In the coming months, we may ask you to provide tax information like your Employer Identification Number (EIN), Individual Tax ID Number (ITIN) or Social Security Number (SSN), if you haven’t provided it to us already. For background, generally businesses use an EIN, while sole proprietors and individuals will use an ITIN or Social Security Number.

Q: Why is this happening now?
The 1099-K reporting requirement was part of the American Rescue Plan Act of 2021 passed earlier this year by Congress and signed into law by the President. The effective date for these new changes is January 1, 2022.

Q: Where can I find more information?
Here are some further helpful resources if you wanted to read more:

Disclaimer: PayPal does not provide tax advice. This content has been prepared for general informational purposes only and is not intended to be relied on for tax advice.

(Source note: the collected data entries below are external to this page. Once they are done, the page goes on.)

lemma nn_integral_shear:
  fixes Q :: "real \<times> real \<times> real \<times> real \<Rightarrow> ennreal" and \<sigma> \<eta> :: "real \<Rightarrow> real"
  assumes Q: "Q \<in> borel_measurable borel" and shear: "\<sigma> \<in> borel_measurable borel" "\<eta> \<in> borel_measurable borel"
    and per: "\<And>t r x y k. Q (t, r, x, y + 2*pi * of_int k) = Q (t, r, x, y)"
  shows "(\<integral>\<^sup>+p. angle_window (snd (snd (snd p))) * Q p \<partial>lborel)
    = (\<integral>\<^sup>+q. \<integral>\<^sup>+r. angle_window (snd (snd q)) * Q (fst q - \<sigma> r, r, fst (snd q), snd (snd q) - \<eta> r) \<partial>lborel \<partial>lborel)"
proof -
  have m: "(\<lambda>p. angle_window (snd (snd (snd p))) * Q p) \<in> borel_measurable borel"
    by (intro borel_measurable_times_ennreal borel_measurable_angle_window4 Q)
  have m_shear: "(\<lambda>p. angle_window (snd (snd (snd p))) * Q (fst p - \<sigma> (fst (snd p)), fst (snd p),
      fst (snd (snd p)), snd (snd (snd p)) - \<eta> (fst (snd p)))) \<in> borel_measurable borel"
    by (intro borel_measurable_times_ennreal borel_measurable_angle_window4
        measurable_compose[OF borel_measurable_shear[OF shear] Q])
  have "(\<integral>\<^sup>+p. angle_window (snd (snd (snd p))) * Q p \<partial>lborel)
      = (\<integral>\<^sup>+r. \<integral>\<^sup>+q. angle_window (snd (snd q)) * Q (fst q, r, snd q) \<partial>lborel \<partial>lborel)"
    by (subst nn_integral_lborel4_r_outer[OF m]) simp
  also have "\<dots> = (\<integral>\<^sup>+r. \<integral>\<^sup>+q. angle_window (snd (snd q))
      * Q (fst q - \<sigma> r, r, fst (snd q), snd (snd q) - \<eta> r) \<partial>lborel \<partial>lborel)"
  proof (rule nn_integral_cong)
    fix r
    have "(\<lambda>q. Q (fst q, r, snd q)) \<in> borel_measurable borel"
      by (rule measurable_comp_continuous[OF Q]) (intro continuous_intros)
    from nn_integral_translate_periodic[OF this, of "\<sigma> r" "\<eta> r"] per
    show "(\<integral>\<^sup>+q. angle_window (snd (snd q)) * Q (fst q, r, snd q) \<partial>lborel)
      = (\<integral>\<^sup>+q. angle_window (snd (snd q)) * Q (fst q - \<sigma> r, r, fst (snd q), snd (snd q) - \<eta> r) \<partial>lborel)"
      by simp
  qed
  also have "\<dots> = (\<integral>\<^sup>+p. angle_window (snd (snd (snd p))) * Q (fst p - \<sigma> (fst (snd p)), fst (snd p),
      fst (snd (snd p)), snd (snd (snd p)) - \<eta> (fst (snd p))) \<partial>lborel)"
    by (subst nn_integral_lborel4_r_outer[OF m_shear]) simp
  also have "\<dots> = (\<integral>\<^sup>+q. \<integral>\<^sup>+r. angle_window (snd (snd q))
      * Q (fst q - \<sigma> r, r, fst (snd q), snd (snd q) - \<eta> r) \<partial>lborel \<partial>lborel)"
    by (subst nn_integral_lborel4_r_inner[OF m_shear]) simp
  finally show ?thesis .
qed

lemma borel_measurable_nn_integral_shear:
  fixes Q :: "real \<times> real \<times> real \<times> real \<Rightarrow> ennreal" and \<sigma> \<eta> :: "real \<Rightarrow> real"
  assumes Q: "Q \<in> borel_measurable borel" and shear: "\<sigma> \<in> borel_measurable borel" "\<eta> \<in> borel_measurable borel"
  shows "(\<lambda>q. \<integral>\<^sup>+r. angle_window (snd (snd q)) * Q (fst q - \<sigma> r, r, fst (snd q), snd (snd q) - \<eta> r) \<partial>lborel)
    \<in> borel_measurable borel"
proof -
  have "(\<lambda>p. angle_window (snd (snd (snd p))) * Q (fst p - \<sigma> (fst (snd p)), fst (snd p),
      fst (snd (snd p)), snd (snd (snd p)) - \<eta> (fst (snd p)))) \<in> borel_measurable borel"
    by (intro borel_measurable_times_ennreal borel_measurable_angle_window4
        measurable_compose[OF borel_measurable_shear[OF shear] Q])
  from measurable_comp_continuous[OF this, of "\<lambda>x::(real\<times>real\<times>real)\<times>real. (fst (fst x), snd x, snd (fst x))"]
  have "(\<lambda>x::(real\<times>real\<times>real)\<times>real. angle_window (snd (snd (fst x)))
      * Q (fst (fst x) - \<sigma> (snd x), snd x, fst (snd (fst x)), snd (snd (fst x)) - \<eta> (snd x)))
      \<in> borel_measurable borel"
    by (simp add: continuous_intros)
  then have "(\<lambda>x::(real\<times>real\<times>real)\<times>real. angle_window (snd (snd (fst x)))
      * Q (fst (fst x) - \<sigma> (snd x), snd x, fst (snd (fst x)), snd (snd (fst x)) - \<eta> (snd x)))
      \<in> borel_measurable (lborel \<Otimes>\<^sub>M lborel)"
    by (simp add: lborel_prod)
  from lborel.borel_measurable_nn_integral_fst[OF this] show ?thesis by simp
qed

section \<open>A weighted Hardy inequality\<close>

lemma hardy_pointwise_bound:
  fixes x G G' \<alpha> :: real
  assumes "x > 0" "\<alpha> < 1"
  shows "(1-\<alpha>)/2 * (G^2 * x powr (-\<alpha>)) - 2/(1-\<alpha>) * (G'^2 * x powr (2-\<alpha>))
    \<le> (1-\<alpha>) * x powr (-\<alpha>) * G^2 + x powr (1-\<alpha>) * (2 * G * G')"
proof -
  \<comment> \<open>Young's inequality 2uv \<ge> -(e u^2 + v^2/e) with e = (1 - alpha)/2, u = p G, v = q G'.\<close>
  define e where "e = (1-\<alpha>)/2"
  define p where "p = x powr (-\<alpha>/2)"
  define q where "q = x powr (1-\<alpha>/2)"
  have pq: "p * q = x powr (1-\<alpha>)" "p^2 = x powr (-\<alpha>)" "q^2 = x powr (2-\<alpha>)"
    using assms by (simp_all add: p_def q_def powr_add[symmetric] power2_eq_square)
  have "e > 0" using assms by (simp add: e_def)
  then have "0 \<le> (e * (p * G) + q * G')^2 / e" by simp
  also have "\<dots> = e * p^2 * G^2 + 2 * (p * q) * G * G' + q^2 * G'^2 / e"
    using \<open>e > 0\<close> by (simp add: power2_eq_square field_simps)
  finally show ?thesis
    unfolding pq[symmetric] using assms by (simp add: e_def field_simps power2_eq_square)
qed

lemma has_real_derivative_weighted_square:
  assumes "rm < r" "(g has_real_derivative g') (at r)"
  shows "((\<lambda>r. (r - rm) powr (1-\<alpha>) * g r^2) has_real_derivative
    (1-\<alpha>) * (r - rm) powr (-\<alpha>) * g r^2 + (r - rm) powr (1-\<alpha>) * (2 * g r * g')) (at r)"
proof -
  have "((\<lambda>r. (r - rm) powr (1-\<alpha>)) has_real_derivative (1-\<alpha>) * (r - rm) powr (1-\<alpha>-1)) (at r)"
    using has_real_derivative_powr[of "r - rm" "1-\<alpha>"] assms(1)
      DERIV_shift[of "\<lambda>x. x powr (1-\<alpha>)" "(1-\<alpha>) * (r-rm) powr (1-\<alpha>-1)" r "-rm"]
    by simp
  moreover have "((\<lambda>r. g r^2) has_real_derivative 2 * g r * g') (at r)"
    using DERIV_power[OF assms(2), of 2] by (simp add: mult_ac)
  ultimately show ?thesis
    using DERIV_mult by (fastforce simp: algebra_simps)
qed

lemma hardy_integral_interval:
  fixes g g' :: "real \<Rightarrow> real"
  assumes rc: "rm < c" "c \<le> rt" and al: "0 \<le> \<alpha>" "\<alpha> < 1"
    and gd: "\<And>r. c \<le> r \<Longrightarrow> r \<le> rt \<Longrightarrow> (g has_real_derivative g' r) (at r)"
    and gc: "continuous_on {c..rt} g'"
  shows "integral {c..rt} (\<lambda>r. g r^2 * (r-rm) powr (-\<alpha>))
     \<le> 2*(rt-rm) powr (1-\<alpha>)/(1-\<alpha>) * g rt^2
       + 4/(1-\<alpha>)^2 * integral {c..rt} (\<lambda>r. g' r^2 * (r-rm) powr (2-\<alpha>))"
proof -
  define A where "A r = g r^2 * (r-rm) powr (-\<alpha>)" for r
  define B where "B r = g' r^2 * (r-rm) powr (2-\<alpha>)" for r
  define W where "W r = (r-rm) powr (1-\<alpha>) * g r^2" for r
  define W' where "W' r = (1-\<alpha>) * (r-rm) powr (-\<alpha>) * g r^2 + (r-rm) powr (1-\<alpha>) * (2 * g r * g' r)" for r
  have gcont: "continuous_on {c..rt} g"
    using gd by (meson DERIV_atLeastAtMost_imp_continuous_on)
  have pc: "continuous_on {c..rt} (\<lambda>r. (r - rm) powr p)" for p
    using rc by (intro continuous_intros) auto
  have Acont: "continuous_on {c..rt} A" and Bcont: "continuous_on {c..rt} B"
    unfolding A_def B_def by (intro continuous_intros gcont gc pc)+
  have Wder: "(W has_real_derivative W' r) (at r)" if "c \<le> r" "r \<le> rt" for r
    unfolding W_def[abs_def] W'_def using rc that by (intro has_real_derivative_weighted_square gd) auto
  have FTC: "(W' has_integral (W rt - W c)) {c..rt}"
    using rc by (intro fundamental_theorem_of_calculus)
      (auto intro!: has_real_derivative_iff_has_vector_derivative[THEN iffD1, THEN has_vector_derivative_at_within] Wder)
  have pointwise: "(1-\<alpha>)/2 * A r - 2/(1-\<alpha>) * B r \<le> W' r" if "r \<in> {c..rt}" for r
    unfolding A_def B_def W'_def using that rc al by (intro hardy_pointwise_bound) auto
  have intA: "A integrable_on {c..rt}" and intB: "B integrable_on {c..rt}"
    using Acont Bcont by (simp_all add: integrable_continuous_interval)
  have "(1-\<alpha>)/2 * integral {c..rt} A - 2/(1-\<alpha>) * integral {c..rt} B
      = integral {c..rt} (\<lambda>r. (1-\<alpha>)/2 * A r - 2/(1-\<alpha>) * B r)"
    by (simp only: integral_diff[OF integrable_on_mult_right[OF intA] integrable_on_mult_right[OF intB]]
        integral_mult_right)
  also have "\<dots> \<le> integral {c..rt} W'"
    using pointwise FTC Acont Bcont al
    by (intro integral_le) (auto intro!: integrable_continuous_interval continuous_intros
        simp: has_integral_integrable_integral)
  also have "\<dots> = W rt - W c" using FTC by (simp add: integral_unique)
  also have "\<dots> \<le> W rt" by (simp add: W_def)
  finally have "(1-\<alpha>)/2 * integral {c..rt} A \<le> W rt + 2/(1-\<alpha>) * integral {c..rt} B"
    by simp
  from mult_left_mono[OF this, of "2/(1-\<alpha>)"] al
  have "integral {c..rt} A \<le> 2/(1-\<alpha>) * W rt + 4/(1-\<alpha>)^2 * integral {c..rt} B"
    by (simp add: power2_eq_square distrib_left)
  then show ?thesis unfolding A_def[abs_def] B_def[abs_def] W_def by (simp add: mult.assoc)
qed

lemma borel_measurable_continuous_on_indicator_ennreal:
  fixes f :: "real \<Rightarrow> real"
  assumes "I \<in> sets borel" "continuous_on I f"
  shows "(\<lambda>x. ennreal (f x) * indicator I x) \<in> borel_measurable borel"
proof -
  have "(\<lambda>x. ennreal (indicator I x *\<^sub>R f x)) \<in> borel_measurable borel"
    using borel_measurable_continuous_on_indicator[OF assms] by measurable
  moreover have "(\<lambda>x. ennreal (indicator I x *\<^sub>R f x)) = (\<lambda>x. ennreal (f x) * indicator I x)"
    by (auto simp: indicator_def)
  ultimately show ?thesis by simp
qed

lemma hardy_nn_integral_interval:
  fixes g g' :: "real \<Rightarrow> real"
  assumes rc: "rm < c" "c \<le> rt" and al: "0 \<le> \<alpha>" "\<alpha> < 1"
    and gd: "\<And>r. c \<le> r \<Longrightarrow> r \<le> rt \<Longrightarrow> (g has_real_derivative g' r) (at r)"
    and gc: "continuous_on {c..rt} g'"
  shows "(\<integral>\<^sup>+r. ennreal (g r^2 * (r-rm) powr (-\<alpha>)) * indicator {c..rt} r \<partial>lborel)
     \<le> ennreal (2*(rt-rm) powr (1-\<alpha>)/(1-\<alpha>) * g rt^2) + ennreal (4/(1-\<alpha>)^2) *
        (\<integral>\<^sup>+r. ennreal (g' r^2 * (r-rm) powr (2-\<alpha>)) * indicator {c..rt} r \<partial>lborel)"
proof -
  have gcont: "continuous_on {c..rt} g"
    using gd by (meson DERIV_atLeastAtMost_imp_continuous_on)
  have pc: "continuous_on {c..rt} (\<lambda>r. (r - rm) powr p)" for p
    using rc by (intro continuous_intros) auto
  have "(\<integral>\<^sup>+r. ennreal (g r^2 * (r-rm) powr (-\<alpha>)) * indicator {c..rt} r \<partial>lborel)
      = ennreal (integral {c..rt} (\<lambda>r. g r^2 * (r-rm) powr (-\<alpha>)))"
    by (intro nn_integral_has_integral_lebesgue' integrable_integral integrable_continuous_interval
        continuous_intros gcont pc) simp
  moreover have "(\<integral>\<^sup>+r. ennreal (g' r^2 * (r-rm) powr (2-\<alpha>)) * indicator {c..rt} r \<partial>lborel)
      = ennreal (integral {c..rt} (\<lambda>r. g' r^2 * (r-rm) powr (2-\<alpha>)))"
    by (intro nn_integral_has_integral_lebesgue' integrable_integral integrable_continuous_interval
        continuous_intros gc pc) simp
  moreover have "integral {c..rt} (\<lambda>r. g' r^2 * (r-rm) powr (2-\<alpha>)) \<ge> 0"
    by (intro integral_nonneg integrable_continuous_interval continuous_intros gc pc) simp
  moreover have "2*(rt-rm) powr (1-\<alpha>)/(1-\<alpha>) * g rt^2 \<ge> 0" using al by simp
  ultimately show ?thesis
    using hardy_integral_interval[OF rc al gd gc] al
    by (simp add: ennreal_plus[symmetric] ennreal_mult[symmetric] ennreal_leI del: ennreal_plus)
qed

For questions regarding your specific circumstances, you should consult with a tax advisor.
 
$600 is such a low number. Crap… you could make that over the course of a weekend by having a big enough garage sale.
 
I guess just sell using PayPal gift to people you know or trust. That way you won’t get 1099’d.
 
I guess just sell using PayPal gift to people you know or trust. That way you won’t get 1099’d.
Yeah but if you get audited tax evasion is a federal offense. It’s a risky effort to pull.
 
Yeah but if you get audited tax evasion is a federal offense. It’s a risky effort to pull.
An IRS auditor would have to dig pretty deep to find that. You also have about a .1% chance of getting audited unless you make millions.
 
I got hit with a 1099 for 14k last year from Paypal.
 
Hmm, so my conclusion so far is that as long as I'm not making a profit on sales through Ebay, Reverb, etc. then I'm not required to report that as income. And if I get audited, as long as I have proof of a loss via receipts then I'm in the clear. Sound accurate?
 
Hmm, so my conclusion so far is that as long as I'm not making a profit on sales through Ebay, Reverb, etc. then I'm not required to report that as income. And if I get audited, as long as I have proof of a loss via receipts then I'm in the clear. Sound accurate?
If there’s a 1099 generated you have to report it regardless and file the losses under a schedule C or line 8 of a 1040. Better to file it and show a loss so that you get the tax write off than to not file at all, I looked into this as well.
 
I tried to sell everything I didn't want to take to the grave by 12/31. $600 is absurdly low.
 
So at what rate will any “profits” be taxed at?
 
OMG...I just sold a pickup for $70 that I bought for $69. I might get audited.


Seriously guys, think of ALL of degenerate gear buying whores just like us that they will have to audit for all their piddly $600+ transactions.. And how many audits to make any sort of 'profit'? Does not compute!

non
issue

EDIT: This is not just guitar you know. Every fucking thing you can buy. IRS can NOT audit all that.

non
issue
 
This is a nightmare scenario for everyone, except lawyers as usual.

The taxman will use it as a "back-door charge" after they get you for something else you did that they don't like, they'll always be able to find something here. On everyone, for anything.